For each line of the listing that includes the word "functions", show the whole line.
———
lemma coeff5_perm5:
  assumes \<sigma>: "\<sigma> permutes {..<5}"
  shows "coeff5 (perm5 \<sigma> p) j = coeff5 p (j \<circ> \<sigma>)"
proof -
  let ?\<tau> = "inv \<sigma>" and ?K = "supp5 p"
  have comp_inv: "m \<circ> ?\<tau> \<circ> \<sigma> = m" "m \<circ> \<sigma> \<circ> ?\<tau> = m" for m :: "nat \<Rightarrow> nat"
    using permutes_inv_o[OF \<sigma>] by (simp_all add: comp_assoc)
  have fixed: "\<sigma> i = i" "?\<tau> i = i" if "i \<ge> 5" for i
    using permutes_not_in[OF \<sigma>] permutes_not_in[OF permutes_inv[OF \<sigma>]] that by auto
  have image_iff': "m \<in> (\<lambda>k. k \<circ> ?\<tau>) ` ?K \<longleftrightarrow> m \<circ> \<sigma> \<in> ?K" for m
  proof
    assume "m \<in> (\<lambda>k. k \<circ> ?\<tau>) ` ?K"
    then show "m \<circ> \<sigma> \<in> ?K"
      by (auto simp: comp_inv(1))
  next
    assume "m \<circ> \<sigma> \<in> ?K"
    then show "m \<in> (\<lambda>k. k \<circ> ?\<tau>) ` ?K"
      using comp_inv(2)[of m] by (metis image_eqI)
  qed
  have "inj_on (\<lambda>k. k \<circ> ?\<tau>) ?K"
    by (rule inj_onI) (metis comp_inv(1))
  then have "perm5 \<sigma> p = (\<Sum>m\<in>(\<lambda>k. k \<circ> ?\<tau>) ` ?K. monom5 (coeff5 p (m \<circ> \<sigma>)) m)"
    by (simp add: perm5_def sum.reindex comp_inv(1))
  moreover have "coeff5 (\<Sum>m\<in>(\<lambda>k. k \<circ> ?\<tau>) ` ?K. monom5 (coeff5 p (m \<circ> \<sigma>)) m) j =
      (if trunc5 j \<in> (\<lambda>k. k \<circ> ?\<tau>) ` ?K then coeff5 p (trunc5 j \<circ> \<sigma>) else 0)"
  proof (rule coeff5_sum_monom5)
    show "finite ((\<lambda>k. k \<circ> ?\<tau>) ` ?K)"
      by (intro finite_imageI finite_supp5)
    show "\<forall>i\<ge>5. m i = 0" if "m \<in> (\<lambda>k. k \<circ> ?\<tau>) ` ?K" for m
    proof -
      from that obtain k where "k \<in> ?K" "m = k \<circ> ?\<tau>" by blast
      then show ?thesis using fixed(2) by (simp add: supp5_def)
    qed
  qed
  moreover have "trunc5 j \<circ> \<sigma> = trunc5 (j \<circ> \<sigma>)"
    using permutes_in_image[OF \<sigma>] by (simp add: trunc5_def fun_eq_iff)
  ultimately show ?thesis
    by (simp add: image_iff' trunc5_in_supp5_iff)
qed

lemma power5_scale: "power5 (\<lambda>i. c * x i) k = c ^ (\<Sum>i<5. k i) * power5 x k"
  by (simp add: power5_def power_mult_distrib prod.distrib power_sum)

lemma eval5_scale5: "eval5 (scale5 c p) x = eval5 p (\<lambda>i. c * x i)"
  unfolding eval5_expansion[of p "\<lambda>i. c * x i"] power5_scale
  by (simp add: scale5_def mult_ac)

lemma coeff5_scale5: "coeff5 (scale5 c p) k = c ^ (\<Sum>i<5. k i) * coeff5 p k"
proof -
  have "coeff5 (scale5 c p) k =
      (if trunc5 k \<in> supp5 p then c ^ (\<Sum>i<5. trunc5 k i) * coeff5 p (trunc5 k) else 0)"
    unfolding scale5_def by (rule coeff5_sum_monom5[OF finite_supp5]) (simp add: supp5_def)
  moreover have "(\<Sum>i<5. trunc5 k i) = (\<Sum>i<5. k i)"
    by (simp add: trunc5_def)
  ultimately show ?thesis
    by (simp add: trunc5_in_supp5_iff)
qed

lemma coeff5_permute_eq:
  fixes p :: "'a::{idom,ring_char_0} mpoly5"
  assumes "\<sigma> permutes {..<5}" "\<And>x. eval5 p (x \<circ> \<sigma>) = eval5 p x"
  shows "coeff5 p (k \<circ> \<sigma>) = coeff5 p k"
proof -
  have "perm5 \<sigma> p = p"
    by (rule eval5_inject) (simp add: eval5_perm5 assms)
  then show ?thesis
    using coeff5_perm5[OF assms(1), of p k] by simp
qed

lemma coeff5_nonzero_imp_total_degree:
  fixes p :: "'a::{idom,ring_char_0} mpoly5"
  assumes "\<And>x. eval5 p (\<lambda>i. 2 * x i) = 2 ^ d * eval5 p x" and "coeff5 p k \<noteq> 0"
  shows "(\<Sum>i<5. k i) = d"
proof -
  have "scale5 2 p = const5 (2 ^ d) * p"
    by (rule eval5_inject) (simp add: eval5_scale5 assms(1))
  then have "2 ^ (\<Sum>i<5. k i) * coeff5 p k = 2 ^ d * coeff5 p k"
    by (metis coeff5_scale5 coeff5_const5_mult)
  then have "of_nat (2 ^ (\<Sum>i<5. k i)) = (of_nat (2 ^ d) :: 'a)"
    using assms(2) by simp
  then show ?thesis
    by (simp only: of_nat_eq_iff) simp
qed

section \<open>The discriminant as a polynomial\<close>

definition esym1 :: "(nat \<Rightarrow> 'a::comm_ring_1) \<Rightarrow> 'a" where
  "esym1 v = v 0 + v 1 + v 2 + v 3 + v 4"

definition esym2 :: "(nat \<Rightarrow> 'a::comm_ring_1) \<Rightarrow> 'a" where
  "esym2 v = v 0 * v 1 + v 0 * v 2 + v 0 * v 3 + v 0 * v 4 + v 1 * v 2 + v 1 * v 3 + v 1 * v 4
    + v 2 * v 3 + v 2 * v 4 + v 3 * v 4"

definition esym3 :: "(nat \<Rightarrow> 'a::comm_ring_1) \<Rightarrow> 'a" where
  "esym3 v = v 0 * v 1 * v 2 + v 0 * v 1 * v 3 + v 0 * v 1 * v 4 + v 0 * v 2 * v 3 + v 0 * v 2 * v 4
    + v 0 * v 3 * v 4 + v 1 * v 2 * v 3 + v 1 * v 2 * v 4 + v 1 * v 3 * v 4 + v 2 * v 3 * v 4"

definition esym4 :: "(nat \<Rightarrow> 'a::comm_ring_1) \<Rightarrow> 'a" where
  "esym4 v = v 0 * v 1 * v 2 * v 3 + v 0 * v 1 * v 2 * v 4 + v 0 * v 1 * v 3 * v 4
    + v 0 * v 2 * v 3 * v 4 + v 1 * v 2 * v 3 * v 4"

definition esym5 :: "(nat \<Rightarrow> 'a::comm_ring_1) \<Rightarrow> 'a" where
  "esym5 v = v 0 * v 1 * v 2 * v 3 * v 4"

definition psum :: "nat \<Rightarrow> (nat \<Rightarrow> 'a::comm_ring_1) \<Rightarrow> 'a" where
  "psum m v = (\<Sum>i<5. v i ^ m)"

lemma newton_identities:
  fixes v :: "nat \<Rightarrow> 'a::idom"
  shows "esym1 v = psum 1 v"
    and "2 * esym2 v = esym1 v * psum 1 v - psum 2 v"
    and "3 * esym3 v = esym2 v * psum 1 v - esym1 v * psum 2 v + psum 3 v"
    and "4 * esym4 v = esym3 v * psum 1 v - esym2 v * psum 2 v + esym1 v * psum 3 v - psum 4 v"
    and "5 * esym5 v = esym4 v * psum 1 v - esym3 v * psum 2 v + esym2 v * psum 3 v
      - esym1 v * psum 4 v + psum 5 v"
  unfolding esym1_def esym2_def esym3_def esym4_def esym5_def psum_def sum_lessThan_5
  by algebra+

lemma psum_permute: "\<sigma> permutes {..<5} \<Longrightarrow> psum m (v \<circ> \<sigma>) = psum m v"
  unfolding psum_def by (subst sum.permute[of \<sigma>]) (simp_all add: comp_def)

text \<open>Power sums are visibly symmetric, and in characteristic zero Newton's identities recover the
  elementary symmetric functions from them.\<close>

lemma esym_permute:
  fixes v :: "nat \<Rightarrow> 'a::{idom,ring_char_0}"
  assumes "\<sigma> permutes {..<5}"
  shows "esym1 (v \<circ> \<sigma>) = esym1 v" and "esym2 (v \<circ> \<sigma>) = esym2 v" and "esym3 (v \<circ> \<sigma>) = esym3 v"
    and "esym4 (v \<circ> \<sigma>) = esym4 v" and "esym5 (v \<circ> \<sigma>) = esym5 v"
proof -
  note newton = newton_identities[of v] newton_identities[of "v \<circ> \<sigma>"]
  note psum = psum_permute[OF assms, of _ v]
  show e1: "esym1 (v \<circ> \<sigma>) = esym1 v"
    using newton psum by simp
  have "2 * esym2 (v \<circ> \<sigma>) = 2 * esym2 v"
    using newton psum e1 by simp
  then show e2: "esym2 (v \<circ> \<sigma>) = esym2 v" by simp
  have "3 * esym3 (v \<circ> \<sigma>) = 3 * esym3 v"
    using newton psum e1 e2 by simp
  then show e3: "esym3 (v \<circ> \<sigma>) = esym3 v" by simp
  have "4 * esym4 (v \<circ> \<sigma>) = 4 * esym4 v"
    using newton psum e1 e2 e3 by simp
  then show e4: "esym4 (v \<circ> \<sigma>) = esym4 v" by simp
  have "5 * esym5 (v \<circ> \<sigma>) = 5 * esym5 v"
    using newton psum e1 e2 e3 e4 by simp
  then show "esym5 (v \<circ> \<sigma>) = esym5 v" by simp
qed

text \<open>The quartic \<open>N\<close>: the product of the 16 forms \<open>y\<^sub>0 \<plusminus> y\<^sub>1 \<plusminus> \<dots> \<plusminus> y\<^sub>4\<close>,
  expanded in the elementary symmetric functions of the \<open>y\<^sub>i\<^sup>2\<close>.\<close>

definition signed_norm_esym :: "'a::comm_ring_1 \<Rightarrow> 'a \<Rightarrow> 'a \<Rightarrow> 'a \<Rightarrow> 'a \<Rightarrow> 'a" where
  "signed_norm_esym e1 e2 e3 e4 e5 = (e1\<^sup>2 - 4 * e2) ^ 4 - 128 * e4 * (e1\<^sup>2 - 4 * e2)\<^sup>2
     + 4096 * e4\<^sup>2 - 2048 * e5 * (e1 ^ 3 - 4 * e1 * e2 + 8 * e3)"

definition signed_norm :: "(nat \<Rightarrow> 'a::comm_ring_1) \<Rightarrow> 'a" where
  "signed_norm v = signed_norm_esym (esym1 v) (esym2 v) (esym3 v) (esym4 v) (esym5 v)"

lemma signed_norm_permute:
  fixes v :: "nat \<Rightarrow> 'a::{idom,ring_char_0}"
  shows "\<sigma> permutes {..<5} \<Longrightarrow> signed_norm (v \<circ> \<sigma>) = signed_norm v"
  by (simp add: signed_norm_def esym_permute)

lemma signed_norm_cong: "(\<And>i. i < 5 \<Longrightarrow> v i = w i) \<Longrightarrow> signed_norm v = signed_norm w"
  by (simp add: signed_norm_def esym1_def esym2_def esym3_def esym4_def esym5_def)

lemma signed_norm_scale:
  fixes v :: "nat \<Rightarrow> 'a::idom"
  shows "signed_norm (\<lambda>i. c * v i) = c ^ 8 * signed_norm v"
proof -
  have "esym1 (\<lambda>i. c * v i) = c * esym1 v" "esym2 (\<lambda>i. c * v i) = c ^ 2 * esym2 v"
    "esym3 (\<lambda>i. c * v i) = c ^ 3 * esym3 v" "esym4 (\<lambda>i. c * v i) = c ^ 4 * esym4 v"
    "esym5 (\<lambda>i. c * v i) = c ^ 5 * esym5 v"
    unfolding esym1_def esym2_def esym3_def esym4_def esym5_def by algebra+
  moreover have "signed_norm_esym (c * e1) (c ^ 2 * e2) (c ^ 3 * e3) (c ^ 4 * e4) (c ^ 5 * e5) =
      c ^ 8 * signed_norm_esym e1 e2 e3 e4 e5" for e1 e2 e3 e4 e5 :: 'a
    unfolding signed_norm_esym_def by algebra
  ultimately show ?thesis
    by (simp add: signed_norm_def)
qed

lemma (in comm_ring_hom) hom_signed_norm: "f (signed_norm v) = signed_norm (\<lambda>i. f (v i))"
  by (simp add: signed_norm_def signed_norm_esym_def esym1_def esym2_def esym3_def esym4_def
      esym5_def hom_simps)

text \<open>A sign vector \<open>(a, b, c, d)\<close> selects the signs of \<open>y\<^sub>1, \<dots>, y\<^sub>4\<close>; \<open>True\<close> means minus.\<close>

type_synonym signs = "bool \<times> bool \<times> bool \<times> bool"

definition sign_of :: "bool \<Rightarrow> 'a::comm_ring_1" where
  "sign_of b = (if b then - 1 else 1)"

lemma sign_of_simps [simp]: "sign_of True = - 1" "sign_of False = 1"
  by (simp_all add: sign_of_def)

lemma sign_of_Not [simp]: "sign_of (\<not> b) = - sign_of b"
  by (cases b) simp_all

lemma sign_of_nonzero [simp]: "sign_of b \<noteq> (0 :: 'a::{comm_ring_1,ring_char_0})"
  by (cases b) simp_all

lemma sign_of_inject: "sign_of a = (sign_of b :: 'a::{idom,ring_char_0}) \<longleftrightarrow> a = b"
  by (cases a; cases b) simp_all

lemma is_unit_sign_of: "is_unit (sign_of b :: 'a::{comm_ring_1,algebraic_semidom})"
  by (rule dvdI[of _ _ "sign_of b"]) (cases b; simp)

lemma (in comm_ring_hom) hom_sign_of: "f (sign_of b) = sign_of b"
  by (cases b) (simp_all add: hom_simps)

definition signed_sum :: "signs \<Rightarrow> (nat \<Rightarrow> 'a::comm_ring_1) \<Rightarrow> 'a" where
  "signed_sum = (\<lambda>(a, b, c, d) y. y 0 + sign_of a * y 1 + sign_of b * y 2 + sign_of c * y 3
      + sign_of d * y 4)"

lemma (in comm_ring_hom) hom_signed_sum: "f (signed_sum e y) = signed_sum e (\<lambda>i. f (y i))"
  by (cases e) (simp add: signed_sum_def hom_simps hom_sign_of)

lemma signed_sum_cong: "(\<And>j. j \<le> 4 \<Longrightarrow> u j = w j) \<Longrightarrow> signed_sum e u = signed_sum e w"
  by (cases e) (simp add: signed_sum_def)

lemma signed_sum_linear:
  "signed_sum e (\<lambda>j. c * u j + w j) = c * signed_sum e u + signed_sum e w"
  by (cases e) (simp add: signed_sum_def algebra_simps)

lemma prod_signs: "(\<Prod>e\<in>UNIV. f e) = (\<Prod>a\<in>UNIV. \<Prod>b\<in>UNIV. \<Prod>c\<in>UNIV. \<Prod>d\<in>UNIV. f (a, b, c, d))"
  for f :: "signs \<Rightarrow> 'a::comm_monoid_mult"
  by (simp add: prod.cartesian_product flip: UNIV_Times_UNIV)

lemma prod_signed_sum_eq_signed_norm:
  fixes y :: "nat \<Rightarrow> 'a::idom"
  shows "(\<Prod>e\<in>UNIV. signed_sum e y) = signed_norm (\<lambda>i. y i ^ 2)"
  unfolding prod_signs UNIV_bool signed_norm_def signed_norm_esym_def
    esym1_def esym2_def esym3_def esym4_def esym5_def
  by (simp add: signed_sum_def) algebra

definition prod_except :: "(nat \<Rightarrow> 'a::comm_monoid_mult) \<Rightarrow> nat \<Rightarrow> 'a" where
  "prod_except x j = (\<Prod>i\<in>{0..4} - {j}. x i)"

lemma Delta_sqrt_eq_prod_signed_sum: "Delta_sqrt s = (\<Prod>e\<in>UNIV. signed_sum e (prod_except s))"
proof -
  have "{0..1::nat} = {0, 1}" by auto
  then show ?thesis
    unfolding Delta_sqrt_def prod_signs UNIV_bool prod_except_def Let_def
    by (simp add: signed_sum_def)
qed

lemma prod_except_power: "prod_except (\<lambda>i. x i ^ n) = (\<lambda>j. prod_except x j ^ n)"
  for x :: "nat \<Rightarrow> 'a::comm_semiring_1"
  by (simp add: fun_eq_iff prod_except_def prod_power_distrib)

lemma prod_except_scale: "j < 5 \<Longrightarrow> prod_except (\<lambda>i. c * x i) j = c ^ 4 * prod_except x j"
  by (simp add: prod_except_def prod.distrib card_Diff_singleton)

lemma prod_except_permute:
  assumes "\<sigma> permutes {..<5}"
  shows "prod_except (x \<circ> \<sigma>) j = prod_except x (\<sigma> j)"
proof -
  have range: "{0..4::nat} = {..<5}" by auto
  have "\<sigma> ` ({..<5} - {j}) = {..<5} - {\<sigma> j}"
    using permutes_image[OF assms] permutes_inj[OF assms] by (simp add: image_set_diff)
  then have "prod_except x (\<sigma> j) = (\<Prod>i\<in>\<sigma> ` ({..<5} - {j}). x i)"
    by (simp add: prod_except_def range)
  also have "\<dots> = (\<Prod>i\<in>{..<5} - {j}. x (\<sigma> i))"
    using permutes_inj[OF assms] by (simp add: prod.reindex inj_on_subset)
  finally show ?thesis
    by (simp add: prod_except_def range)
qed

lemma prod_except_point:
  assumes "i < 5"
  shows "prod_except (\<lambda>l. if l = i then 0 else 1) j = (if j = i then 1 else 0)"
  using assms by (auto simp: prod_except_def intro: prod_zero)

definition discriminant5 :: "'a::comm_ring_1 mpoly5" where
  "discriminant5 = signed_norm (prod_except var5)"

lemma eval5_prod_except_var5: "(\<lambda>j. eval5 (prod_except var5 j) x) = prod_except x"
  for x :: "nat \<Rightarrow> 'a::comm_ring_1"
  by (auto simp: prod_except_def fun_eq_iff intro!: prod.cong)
———
### [EXERCISE ANSWER]
  elementary symmetric functions from them.\<close>
  expanded in the elementary symmetric functions of the \<open>y\<^sub>i\<^sup>2\<close>.\<close>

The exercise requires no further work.